[Top][All Lists]
[Date Prev][Date Next][Thread Prev][Thread Next][Date Index][Thread Index]
Re: Case insensitivity seems to ignore lower bound of interval
From: |
Davide Brini |
Subject: |
Re: Case insensitivity seems to ignore lower bound of interval |
Date: |
Thu, 28 Apr 2011 13:04:28 +0100 |
User-agent: |
|
On Thu, 28 Apr 2011 13:29:15 +0200 Eric Bischoff <address@hidden>
wrote:
> > This is strange, since with GNU sed 4.2.1 I get
> >
> > $ echo 'ijklmnopqrstuvwxyz'| sed 's/[R-Z]/X/g'
> > ijklmnopqrXXXXXXXX
>
> My first guess, according to your name, was that it is due to a
> difference between French and Italian locales, but that it is not the
> case:
>
> Generating locales...
> it_CH.UTF-8... done
> it_IT.UTF-8... done
> Generation complete.
> (...)
> $ echo 'ijklmnopqrstuvwxyz'| LANG=it_IT.UTF-8 sed 's/[R-Z]/X/g'
> ijklmnopqrstuvwxyz
> $ echo 'ijklmnopqrstuvwxyz'| sed 's/[R-Z]/X/g'
> ijklmnopqrstuvwxyz
To be honest, I don't use the Italian locale.
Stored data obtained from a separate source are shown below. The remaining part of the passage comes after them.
lemma cmult_measure_stop_region_le:
  assumes c: "0 \<le> c" and "Y1 \<in> sets M" "Y2 \<in> sets M"
    and cube_le: "\<And>n C. C \<in> stop_cubes i n \<Longrightarrow> c * measure M (C \<inter> Y2) \<le> measure M (C \<inter> Y1)"
  shows "c * measure M (stop_region i \<inter> Y2) \<le> measure M (stop_region i \<inter> Y1)"
proof -
  have emeasure_cmult: "ennreal c * emeasure M X = ennreal (c * measure M X)" for X
    by (simp add: emeasure_eq_measure ennreal_mult[OF c measure_nonneg])
  have "ennreal c * emeasure M (stop_region i \<inter> Y2) \<le> emeasure M (stop_region i \<inter> Y1)"
  proof (rule cmult_emeasure_stop_region_le[OF assms(2,3) refl refl])
    fix n C assume "C \<in> stop_cubes i n"
    then show "ennreal c * emeasure M (C \<inter> Y2) \<le> emeasure M (C \<inter> Y1)"
      unfolding emeasure_cmult unfolding emeasure_eq_measure by (intro ennreal_leI cube_le)
  qed
  then show ?thesis
    unfolding emeasure_cmult unfolding emeasure_eq_measure by (simp add: ennreal_le_iff)
qed

lemma mem_stop_region:
  assumes "x \<in> Q0" "n0 \<le> n" "C \<in> D n" "x \<in> C" "\<beta> ^ i * measure M C \<le> measure M (C \<inter> E)"
  shows "x \<in> stop_region i"
proof -
  define P where "P m \<longleftrightarrow> n0 \<le> m \<and> (\<exists>C'\<in>D m. x \<in> C' \<and> \<beta> ^ i * measure M C' \<le> measure M (C' \<inter> E))"
    for m
  have "P n" using assms unfolding P_def by blast
  define m where "m = (LEAST m. P m)"
  have "P m" unfolding m_def by (rule LeastI[of P n]) fact
  then obtain C' where C': "C' \<in> D m" "x \<in> C'" "\<beta> ^ i * measure M C' \<le> measure M (C' \<inter> E)"
    and "n0 \<le> m" unfolding P_def by blast
  have "C' \<subseteq> Q0" using cube_nested[of n0 m C' Q0 x] C' Q0_cube assms(1) \<open>n0 \<le> m\<close> by blast
  have "C' \<in> stop_cubes i m"
    unfolding stop_cubes_def
  proof (intro CollectI conjI allI ballI impI)
    fix m' C'' assume C'': "C'' \<in> D m'" "n0 \<le> m'" "m' < m" "C' \<subseteq> C''"
    show "measure M (C'' \<inter> E) < \<beta> ^ i * measure M C''"
    proof (rule ccontr)
      assume "\<not> ?thesis"
      then have "P m'" unfolding P_def using C'' C' by auto
      then have "m \<le> m'" unfolding m_def by (rule Least_le)
      then show False using C'' by simp
    qed
  qed (use C' \<open>C' \<subseteq> Q0\<close> \<open>n0 \<le> m\<close> in auto)
  then show ?thesis unfolding stop_region_def using C' by blast
qed
lemma inner_eq_of_relations:
  fixes v :: "nat \<Rightarrow> 'a::euclidean_space"
  assumes spanning: "span (v ` {..<m}) = UNIV" and inj: "inj_on v {..<m}"
    and relations: "\<And>\<xi>. \<forall>i\<ge>m. \<xi> i = 0 \<Longrightarrow> (\<Sum>i<m. \<xi> i *\<^sub>R v i) = 0 \<Longrightarrow> (\<Sum>i<m. \<xi> i * a i) = 0"
  obtains x where "\<forall>i<m. x \<bullet> v i = a i"
proof -
  define coeffs where "coeffs y = (SOME \<xi>. (\<forall>i\<ge>m. \<xi> i = 0) \<and> (\<Sum>i<m. \<xi> i *\<^sub>R v i) = y)" for y
  have coeffs: "(\<forall>i\<ge>m. coeffs y i = 0) \<and> (\<Sum>i<m. coeffs y i *\<^sub>R v i) = y" for y
  proof -
    have "\<exists>\<xi>. (\<forall>i\<ge>m. \<xi> i = 0) \<and> (\<Sum>i<m. \<xi> i *\<^sub>R v i) = y"
      by (rule sum_scaleR_representation[OF spanning inj, of y]) blast
    from someI_ex[OF this] show ?thesis unfolding coeffs_def .
  qed
  define g where "g y = (\<Sum>i<m. coeffs y i * a i)" for y
  \<comment> \<open>independent of the chosen coefficients, because \<open>a\<close> kills all relations\<close>
  have g: "g y = (\<Sum>i<m. \<xi> i * a i)"
    if "\<forall>i\<ge>m. \<xi> i = 0" and "(\<Sum>i<m. \<xi> i *\<^sub>R v i) = y" for \<xi> y
  proof -
    have "(\<Sum>i<m. (coeffs y i - \<xi> i) * a i) = 0"
      by (rule relations) (use coeffs that in \<open>auto simp: scaleR_diff_left sum_subtractf\<close>)
    thus ?thesis by (simp add: g_def left_diff_distrib sum_subtractf)
  qed
  have "linear g"
  proof (rule linearI)
    fix y z
    have "g (y + z) = (\<Sum>i<m. (coeffs y i + coeffs z i) * a i)"
      by (rule g) (use coeffs in \<open>auto simp: scaleR_add_left sum.distrib\<close>)
    thus "g (y + z) = g y + g z" by (simp add: g_def distrib_right sum.distrib)
  next
    fix c :: real and y
    have "g (c *\<^sub>R y) = (\<Sum>i<m. (c * coeffs y i) * a i)"
      by (rule g) (use coeffs in \<open>auto simp flip: scaleR_scaleR scaleR_sum_right\<close>)
    thus "g (c *\<^sub>R y) = c *\<^sub>R g y" by (simp add: g_def sum_distrib_left mult.assoc)
  qed
  then have g_inner: "g y = adjoint g 1 \<bullet> y" for y
    by (simp add: adjoint_clauses)
  have "adjoint g 1 \<bullet> v k = a k" if "k < m" for k
  proof -
    have "g (v k) = (\<Sum>i<m. (if i = k then 1 else 0) * a i)"
      by (rule g) (use that in \<open>auto simp: if_distrib[of "\<lambda>c. c *\<^sub>R _"] cong: if_cong\<close>)
    with that g_inner show ?thesis by (simp add: if_distrib[of "\<lambda>c. c * _"] cong: if_cong)
  qed
  with that show ?thesis by blast
qed

lemma inner_eq_zero_of_spanning:
  fixes w :: "'a::real_inner"
  assumes "span S = UNIV" and "\<forall>s\<in>S. w \<bullet> s = 0"
  shows "w = 0"
proof -
  have "orthogonal w w"
    by (rule orthogonal_to_span[of w S]) (use assms in \<open>auto simp: orthogonal_def\<close>)
  thus ?thesis by (simp add: orthogonal_def)
qed

lemma self_mem_quot: "X \<in> quot m v X"
proof -
  have "(\<lambda>i. 0) \<in> gLie m v" by (simp add: gLie_def)
  hence "(\<lambda>i. cis (2 * pi * 0)) \<in> Gsub m v" unfolding Gsub_def by force
  moreover have "X = tact (\<lambda>i. cis (2 * pi * 0)) X" by (simp add: tact_def)
  ultimately show ?thesis unfolding quot_def by blast
qed
lemma ham_derivation_eq_ad_cartan:
  fixes E :: "'k::field_char_0 ham \<Rightarrow> 'k ham"
  assumes E: "E \<in> ham_derivations m" and E_d: "\<And>k. k < 2*m \<Longrightarrow> fst (E (ham_d k)) = (\<lambda>_. 0)"
  shows "\<exists>v\<in>ham_carrier m. E = ham_ad m v"
proof -
  define c where "c r = fst (E (ham_h r)) r" for r
  have eigen: "E (ham_h r) = ham_scale (c r) (ham_h r)" if "r \<in> lattice (2*m)" for r
    unfolding c_def using E E_d that by (rule ham_derivation_h_eigen)
  have "c (\<lambda>_. 0) = 0"
    by (simp add: c_def ham_linear_zero[OF ham_derivation_linear[OF E]]) (simp add: ham_zero_def)
  then have c_additive: "c (\<lambda>i. r i + s i) = c r + c s"
    if "r \<in> lattice (2*m)" "s \<in> lattice (2*m)" for r s
    using Jpair_additive_extends[of c, OF _ ham_derivation_eigenvalue_additive[OF E eigen] that] by blast
  define v :: "'k ham" where "v = (\<lambda>_. 0, \<lambda>i. if i < 2*m then c (unit_vec i) else 0)"
  have v: "v \<in> ham_carrier m" by (rule ham_carrierI) (simp_all add: v_def)
  have "E = ham_ad m v"
  proof (rule ham_derivation_eqI[OF E ham_ad_in_derivations[OF v]])
    fix b :: "'k ham"
    assume "ham_basis m b"
    then show "E b = ham_ad m v b"
    proof (cases rule: ham_basis_cases)
      case (h r)
      have "c r = upair (2*m) (snd v) r"
        using lattice_additive_eq_upair[of "2*m" c r] c_additive h(1)
        by (simp add: v_def upair_def)
      with h show ?thesis by (simp add: eigen ham_ad_def ham_bracket_cartan_h v_def)
    next
      case (d i)
      then show ?thesis
        using ham_derivation_d_zero[OF E E_d] ham_bracket_cartan_left[OF ham_d_in_carrier[OF d(1)], of v]
        by (simp add: ham_ad_def v_def ham_zero_def)
    qed
  qed
  with v show ?thesis by blast
qed

lemma ham_derivation_inner:
  fixes D :: "'k::field_char_0 ham \<Rightarrow> 'k ham"
  assumes D: "D \<in> ham_derivations m"
  shows "\<exists>x\<in>ham_carrier m. D = ham_ad m x"
proof -
  obtain x0 where x0: "x0 \<in> ham_carrier m"
    and D_d: "\<And>i. i < 2*m \<Longrightarrow> fst (D (ham_d i)) = fst (ham_bracket m x0 (ham_d i))"
    using ham_derivation_d_part_inner[OF D] by blast
  define E where "E = der_add m (der_scale m 1 D) (der_scale m (-1) (ham_ad m x0))"
  have E: "E \<in> ham_derivations m"
    unfolding E_def using D ham_ad_in_derivations[OF x0] by (rule ham_derivations_lin_comb)
  have E_eq: "E y = ham_add (D y) (ham_scale (-1) (ham_bracket m x0 y))" if "y \<in> ham_carrier m" for y
    using that by (simp add: E_def der_add_def der_scale_def ham_ad_def ham_scale_def)
  have "fst (E (ham_d k)) = (\<lambda>_. 0)" if "k < 2*m" for k
    using that E_eq[of "ham_d k"] D_d[OF that] by (simp add: ham_add_def ham_scale_def)
  then obtain v where v: "v \<in> ham_carrier m" and E_ad: "E = ham_ad m v"
    using ham_derivation_eq_ad_cartan[OF E] by blast
  have "D = ham_ad m (ham_add x0 v)"
  proof
    fix y
    show "D y = ham_ad m (ham_add x0 v) y"
    proof (cases "y \<in> ham_carrier m")
      case True
      with fun_cong[OF E_ad, of y] E_eq[OF True] x0 v show ?thesis
        by (simp add: ham_ad_def) (simp add: ham_ops_pointwise algebra_simps)
    qed (simp add: ham_ad_def ham_derivationsD(4)[OF D])
  qed
  with x0 v show ?thesis by auto
qed

lemma bij_betw_ham_ad:
  "bij_betw (ham_ad m) (ham_carrier m :: 'k::field_char_0 ham set) (ham_derivations m)"
  unfolding bij_betw_def using inj_on_ham_ad ham_ad_in_derivations ham_derivation_inner by blast

theorem theorem4p6:
  fixes m :: nat
  assumes "m \<ge> 1"
  shows "\<exists>\<phi> :: ((('k::{alg_closed_field, field_char_0}) ham \<Rightarrow> 'k ham) \<Rightarrow> 'k ham).
           der_ham_iso m \<phi>"
proof -
  define \<phi> where "\<phi> = inv_into (ham_carrier m :: 'k ham set) (ham_ad m)"
  have "bij_betw \<phi> (ham_derivations m) (ham_carrier m)"
    unfolding \<phi>_def by (rule bij_betw_inv_into[OF bij_betw_ham_ad])
  moreover have \<phi>_ad: "\<phi> (ham_ad m x) = x" if "x \<in> ham_carrier m" for x
    unfolding \<phi>_def using inj_on_ham_ad that by (rule inv_into_f_f)
  moreover have "\<phi> (der_add m (der_scale m a D) (der_scale m b E)) = ham_add (ham_scale a (\<phi> D)) (ham_scale b (\<phi> E))"
    and "\<phi> (der_bracket m D E) = ham_bracket m (\<phi> D) (\<phi> E)"
    if D: "D \<in> ham_derivations m" and E: "E \<in> ham_derivations m" for D E a b
  proof -
    obtain x where "x \<in> ham_carrier m" "D = ham_ad m x"
      using ham_derivation_inner[OF D] by blast
    moreover obtain y where "y \<in> ham_carrier m" "E = ham_ad m y"
      using ham_derivation_inner[OF E] by blast
    ultimately show "\<phi> (der_add m (der_scale m a D) (der_scale m b E)) = ham_add (ham_scale a (\<phi> D)) (ham_scale b (\<phi> E))"
      and "\<phi> (der_bracket m D E) = ham_bracket m (\<phi> D) (\<phi> E)"
      by (simp_all add: ham_ad_lin_comb ham_ad_bracket \<phi>_ad)
  qed
  ultimately have "der_ham_iso m \<phi>" unfolding der_ham_iso_def by blast
  then show ?thesis by blast
qed

end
I tried with en_US.UTF-8,
en_GB.UTF-8, fr_FR.UTF-8 (yes), and es_ES.UTF-8, all with the same results.
$ echo 'ijklmnopqrstuvwxyz'| LC_ALL=fr_FR.utf8 sed 's/[R-Z]/X/g'
ijklmnopqrXXXXXXXX
But you got me curious. My original test system used mostly vanilla tools
built from source, so I thought I would try on stock distros instead.
And guess what, both on a standard RHEL 6 and Debian squeeze, I see your
results (ie gawk behaves differently).
> > So I would definitely expect grep to follow awk's and sed's behavior.
>
> Even if their behaviours were consistent in French, which they are not, I
> would still consider that as buggy. When someone writes "|R-Z]", they
> certainly do not expect "r" to be handled differently as "s".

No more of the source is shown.